Photo from last year – this is the fence mounted on my TS-3650, with a sliding push stick I used for thin rips. Next photos are from tonight.

This is the general layout – 1515S is the front/rear rail, and the two pieces of 1530 form the fence. This has the maple facing installed. On the saw, the rear bearing would be around the rear rail, but the saw-horses aren’t wide enough to allow that now.

The “business end” – this is a 4-wide bearing with a “tail”. The bearing slides on the 1515 rail and locks with a 1/4 turn of the red handle. You can see the 1530 laying flat and secured to the 2 left-most holes in the bearing, a second piece is mounted vertically and secured with three 1530 “L” brackets.

Closeup showing the mounting of the bearing, bearing brake, and the two 1530 pieces. The steel bracket is the mount for the Wixey digital gauge.

Closeup of the rear bearing. This is a 2-wide bearing with a tail. Note that 2 of the 3 slide bearings are removed – this allows smoother sliding, and the weight keeps the top bearing in the slot and aligned.
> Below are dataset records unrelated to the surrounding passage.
lemma xy_sum_eq_zero:
  assumes x: "x \<in> I" "x [^] Suc n = \<zero>" and y: "y \<in> I" "y [^] Suc m = \<zero>"
  shows "xy_sum R x y (Suc n + Suc m) z \<Longrightarrow> z = \<zero>"
proof (induction rule: xy_sum.induct)
  case (word a b w)
  then consider "n < a" | "m < b"
    by linarith
  then show ?case
    using xy_word_eq_zero[OF x(1) y(1) x(2) word(1)]
      xy_word_eq_zero[OF y(1) x(1) y(2) xy_word_swap[OF word(1)]]
    by cases simp_all
next
  case (add z z')
  then show ?case
    by simp
qed

lemma nilpotents_add:
  assumes x: "x \<in> I" "x \<in> nilpotents R" and y: "y \<in> I" "y \<in> nilpotents R"
  shows "x \<oplus> y \<in> nilpotents R"
proof -
  obtain n where n: "x [^] Suc n = \<zero>"
    using x(2) by (rule nilpotents_SucE)
  obtain m where m: "y [^] Suc m = \<zero>"
    using y(2) by (rule nilpotents_SucE)
  have "xy_sum R x y (Suc n + Suc m) ((x \<oplus> y) [^] (Suc n + Suc m))"
    using xy_sum_add_nat_pow[OF x(1) y(1), of "n + Suc m"] by simp
  then have "(x \<oplus> y) [^] (Suc n + Suc m) = \<zero>"
    by (rule xy_sum_eq_zero[OF x(1) n y(1) m])
  then show ?thesis
    by (rule nilpotentsI[rotated]) (simp add: x y I_carrier)
qed

lemma finsum_in_I_nilpotents:
  assumes "finite S" "g \<in> S \<rightarrow> I \<inter> nilpotents R"
  shows "finsum R g S \<in> I \<inter> nilpotents R"
  using assms
proof (induction S rule: finite_induct)
  case empty
  then show ?case
    by (simp add: I_zero_closed zero_in_nilpotents)
next
  case (insert k S)
  have "g \<in> S \<rightarrow> carrier R" "g k \<in> carrier R"
    using insert.prems I_subset by auto
  then have "finsum R g (insert k S) = g k \<oplus> finsum R g S"
    using insert.hyps by (simp add: finsum_insert)
  then show ?case
    using insert by (simp add: I_add_closed nilpotents_add)
qed

lemma convolution_term_nilpotent:
  fixes \<alpha> \<beta> :: "nat \<Rightarrow> 'a"
  assumes \<alpha>: "\<And>k. \<alpha> k \<in> I" and \<beta>: "\<And>k. \<beta> k \<in> I"
    and conv: "(\<Oplus>k\<in>{..n}. \<alpha> k \<otimes> \<beta> (n - k)) = \<zero>" and t: "t \<le> n"
    and others: "\<And>k. \<lbrakk>k \<le> n; k \<noteq> t\<rbrakk> \<Longrightarrow> \<alpha> k \<otimes> \<beta> (n - k) \<otimes> \<alpha> t \<in> nilpotents R"
  shows "\<alpha> t \<otimes> \<beta> (n - t) \<in> nilpotents R"
proof -
  define g where "g k = \<alpha> k \<otimes> \<beta> (n - k) \<otimes> \<alpha> t" for k
  have g: "g k \<in> I" for k
    unfolding g_def by (simp add: \<alpha> \<beta> I_mult_closed)
  have rest: "(\<Oplus>k\<in>{..n} - {t}. g k) \<in> I \<inter> nilpotents R"
    using g others by (intro finsum_in_I_nilpotents) (auto simp: g_def)
  have "(\<Oplus>k\<in>{..n}. g k) = (\<Oplus>k\<in>{..n}. \<alpha> k \<otimes> \<beta> (n - k)) \<otimes> \<alpha> t"
    unfolding g_def using \<alpha> \<beta> by (intro finsum_ldistr[symmetric]) (auto simp: I_carrier)
  also have "\<dots> = \<zero>"
    using conv \<alpha> by (simp add: I_carrier)
  moreover have "(\<Oplus>k\<in>{..n}. g k) = (\<Oplus>k\<in>insert t ({..n} - {t}). g k)"
    using t by (simp add: insert_absorb)
  moreover have "\<dots> = g t \<oplus> (\<Oplus>k\<in>{..n} - {t}. g k)"
    using I_carrier[OF g] by (intro finsum_insert) auto
  ultimately have "g t \<oplus> (\<Oplus>k\<in>{..n} - {t}. g k) = \<zero>"
    by simp
  then have "g t = \<ominus> (\<Oplus>k\<in>{..n} - {t}. g k)"
    using g rest by (intro minus_equality[symmetric]) (auto simp: I_carrier)
  then have "g t \<in> nilpotents R"
    using rest nilpotents_uminus by simp
  then have "g t \<otimes> \<beta> (n - t) \<in> nilpotents R"
    by (rule nilpotents_mult_right[OF g _ \<beta>])
  also have "g t \<otimes> \<beta> (n - t) = (\<alpha> t \<otimes> \<beta> (n - t)) [^] (2::nat)"
    unfolding g_def using \<alpha> \<beta> by (simp add: I_carrier numeral_2_eq_2 m_assoc)
  finally show ?thesis
    by (rule nilpotents_of_nat_pow[rotated]) (simp add: \<alpha> \<beta> I_carrier)
qed

text \<open>
  Induction on the degree \<open>n\<close> and, inside it, on \<open>t\<close>: in the convolution of degree \<open>n\<close>
  multiplied by \<open>\<alpha> t\<close>, a term with \<open>k < t\<close> is nilpotent by the inner hypothesis, and a term
  with \<open>k > t\<close> because \<open>\<alpha> t \<otimes> \<beta> (n - k)\<close> has degree \<open>t + (n - k) < n\<close>.
\<close>
theorem nilpotents_of_convolution_eq_zero:
  fixes \<alpha> \<beta> :: "nat \<Rightarrow> 'a"
  assumes \<alpha>: "\<And>k. \<alpha> k \<in> I" and \<beta>: "\<And>k. \<beta> k \<in> I"
    and conv: "\<And>n. (\<Oplus>k\<in>{..n}. \<alpha> k \<otimes> \<beta> (n - k)) = \<zero>"
  shows "\<alpha> i \<otimes> \<beta> j \<in> nilpotents R"
proof -
  have "\<alpha> t \<otimes> \<beta> (n - t) \<in> nilpotents R" if "t \<le> n" for n t
    using that
  proof (induction n arbitrary: t rule: less_induct)
    case (less n)
    note outer_IH = less.IH
    show ?case
      using less.prems
    proof (induction t rule: less_induct)
      case (less t)
      show ?case
      proof (rule convolution_term_nilpotent[OF \<alpha> \<beta> conv less.prems])
        fix k
        assume k: "k \<le> n" "k \<noteq> t"
        show "\<alpha> k \<otimes> \<beta> (n - k) \<otimes> \<alpha> t \<in> nilpotents R"
        proof (cases "k < t")
          case True
          then show ?thesis
            using less.IH less.prems \<alpha> \<beta> by (simp add: nilpotents_mult_right I_mult_closed)
        next
          case False
          then have "\<alpha> t \<otimes> \<beta> (t + (n - k) - t) \<in> nilpotents R"
            using k less.prems by (intro outer_IH) auto
          then have "\<beta> (n - k) \<otimes> \<alpha> t \<in> nilpotents R"
            using \<alpha> \<beta> by (simp add: nilpotents_mult_swap I_carrier)
          then have "\<alpha> k \<otimes> (\<beta> (n - k) \<otimes> \<alpha> t) \<in> nilpotents R"
            using \<alpha> \<beta> by (simp add: nilpotents_mult_left I_mult_closed)
          then show ?thesis
            using \<alpha> \<beta> by (simp add: m_assoc I_carrier)
        qed
      qed
    qed
  qed
  from this[of i "i + j"] show ?thesis
    by simp
qed

lemma nilpotents_of_convolution_eq_zero_pow_in_ideal:
  fixes a b :: "nat \<Rightarrow> 'a"
  assumes I: "ideal I R" and a: "\<And>k. a k \<in> carrier R" and b: "\<And>k. b k \<in> carrier R"
    and conv: "\<And>n. (\<Oplus>k\<in>{..n}. a k \<otimes> b (n - k)) = \<zero>"
    and pow: "(a i \<otimes> b j) [^] (m::nat) \<in> I"
  shows "a i \<otimes> b j \<in> nilpotents R"
proof -
  interpret I: ideal I R by (rule I)
  define u where "u = (a i \<otimes> b j) [^] m"
  have u: "u \<in> I" "u \<in> carrier R"
    using pow by (simp_all add: u_def)
  have "u \<otimes> a i \<otimes> (b j \<otimes> u) \<in> nilpotents R"
  proof (rule nilpotents_of_convolution_eq_zero)
    show "u \<otimes> a k \<in> I" "b k \<otimes> u \<in> I" for k
      using u a b by (simp_all add: I.I_l_closed I.I_r_closed)
    fix n
    have "(\<Oplus>k\<in>{..n}. u \<otimes> a k \<otimes> (b (n - k) \<otimes> u)) = (\<Oplus>k\<in>{..n}. u \<otimes> (a k \<otimes> b (n - k)) \<otimes> u)"
      using u a b by (intro finsum_cong') (auto simp: m_assoc)
    also have "\<dots> = u \<otimes> (\<Oplus>k\<in>{..n}. a k \<otimes> b (n - k)) \<otimes> u"
      using u a b by (simp add: finsum_ldistr finsum_rdistr)
    finally show "(\<Oplus>k\<in>{..n}. u \<otimes> a k \<otimes> (b (n - k) \<otimes> u)) = \<zero>"
      using conv u by simp
  qed
  also have "u \<otimes> a i \<otimes> (b j \<otimes> u) = (a i \<otimes> b j) [^] Suc m \<otimes> (a i \<otimes> b j) [^] m"
    using a b by (simp add: u_def m_assoc)
  also have "\<dots> = (a i \<otimes> b j) [^] (Suc m + m)"
    by (rule nat_pow_mult) (simp add: a b)
  finally show ?thesis
    by (rule nilpotents_of_nat_pow[rotated]) (simp add: a b)
qed

end

lemma UP_mult_apply:
  "\<lbrakk>p \<in> carrier (UP R); q \<in> carrier (UP R)\<rbrakk> \<Longrightarrow>
    (p \<otimes>\<^bsub>UP R\<^esub> q) n = (\<Oplus>\<^bsub>R\<^esub>k\<in>{..n}. p k \<otimes>\<^bsub>R\<^esub> q (n - k))"
  by (simp add: UP_def)

lemma UP_zero_eq: "\<zero>\<^bsub>UP R\<^esub> = (\<lambda>_. \<zero>\<^bsub>R\<^esub>)"
  by (simp add: UP_def)

lemma UP_mult_eq_zeroD:
  assumes "p \<in> carrier (UP R)" "q \<in> carrier (UP R)" "p \<otimes>\<^bsub>UP R\<^esub> q = \<zero>\<^bsub>UP R\<^esub>"
  shows "(\<Oplus>\<^bsub>R\<^esub>k\<in>{..n}. p k \<otimes>\<^bsub>R\<^esub> q (n - k)) = \<zero>\<^bsub>R\<^esub>"
  using UP_mult_apply[OF assms(1,2), of n] assms(3) by (simp add: UP_zero_eq)

lemma weak_armendariz_iff:
  "weak_armendariz R \<longleftrightarrow>
     (\<forall>p\<in>carrier (UP R). \<forall>q\<in>carrier (UP R). p \<otimes>\<^bsub>UP R\<^esub> q = \<zero>\<^bsub>UP R\<^esub> \<longrightarrow>
        (\<forall>i j. p i \<otimes>\<^bsub>R\<^esub> q j \<in> nilpotents R))"
  by (simp add: weak_armendariz_def UP_def)

lemma amalgamation_eq:
  "amalgamation A B f J = (RDirProd A B)\<lparr>carrier := {(a, f a \<oplus>\<^bsub>B\<^esub> j) | a j. a \<in> carrier A \<and> j \<in> J}\<rparr>"
  unfolding amalgamation_def RDirProd_def DirProd_def by (simp add: monoid.defs case_prod_beta')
Alignment was pretty easy. I got some 1/2” socket drive Allen keys so you can really torque down the bolts. You loosen the bolts on the front bearing. Insert a 3/4 MDF strip into the miter slot, then slide the fence up to the MDF. Set the rear bearing first, locking in the Allen screws. Verify alignment, then snug and torque down the front screws. If you have the Wixey Gauge, remove the MDF, raise the blade a bit and slide the fence up to the blade, making sure you don’t deflect the blade with sideways pressure. Zero the gauge. I would check the alignment before any serious project, but only had to reset it once in the almost 3 years I used it. I’d occasionally spray the rails with silicone spray and give them a wipe – the fence glides pretty freely but not so much that it will move on its own when setting it up – it is somewhat heavy and feels solid.

I had a couple of gadgets that ran on the top of the fence to keep my fingers away from the blade when making thin cuts (pic 1). You can mount finger boards (as shown) and even anti-kickback rollers into the t-slots, not to mention clamp almost anything to the face, top, and back of the fence. I’ve also used small stop-blocks front and back of the fence in the front rail to switch quickly between two cutting sizes.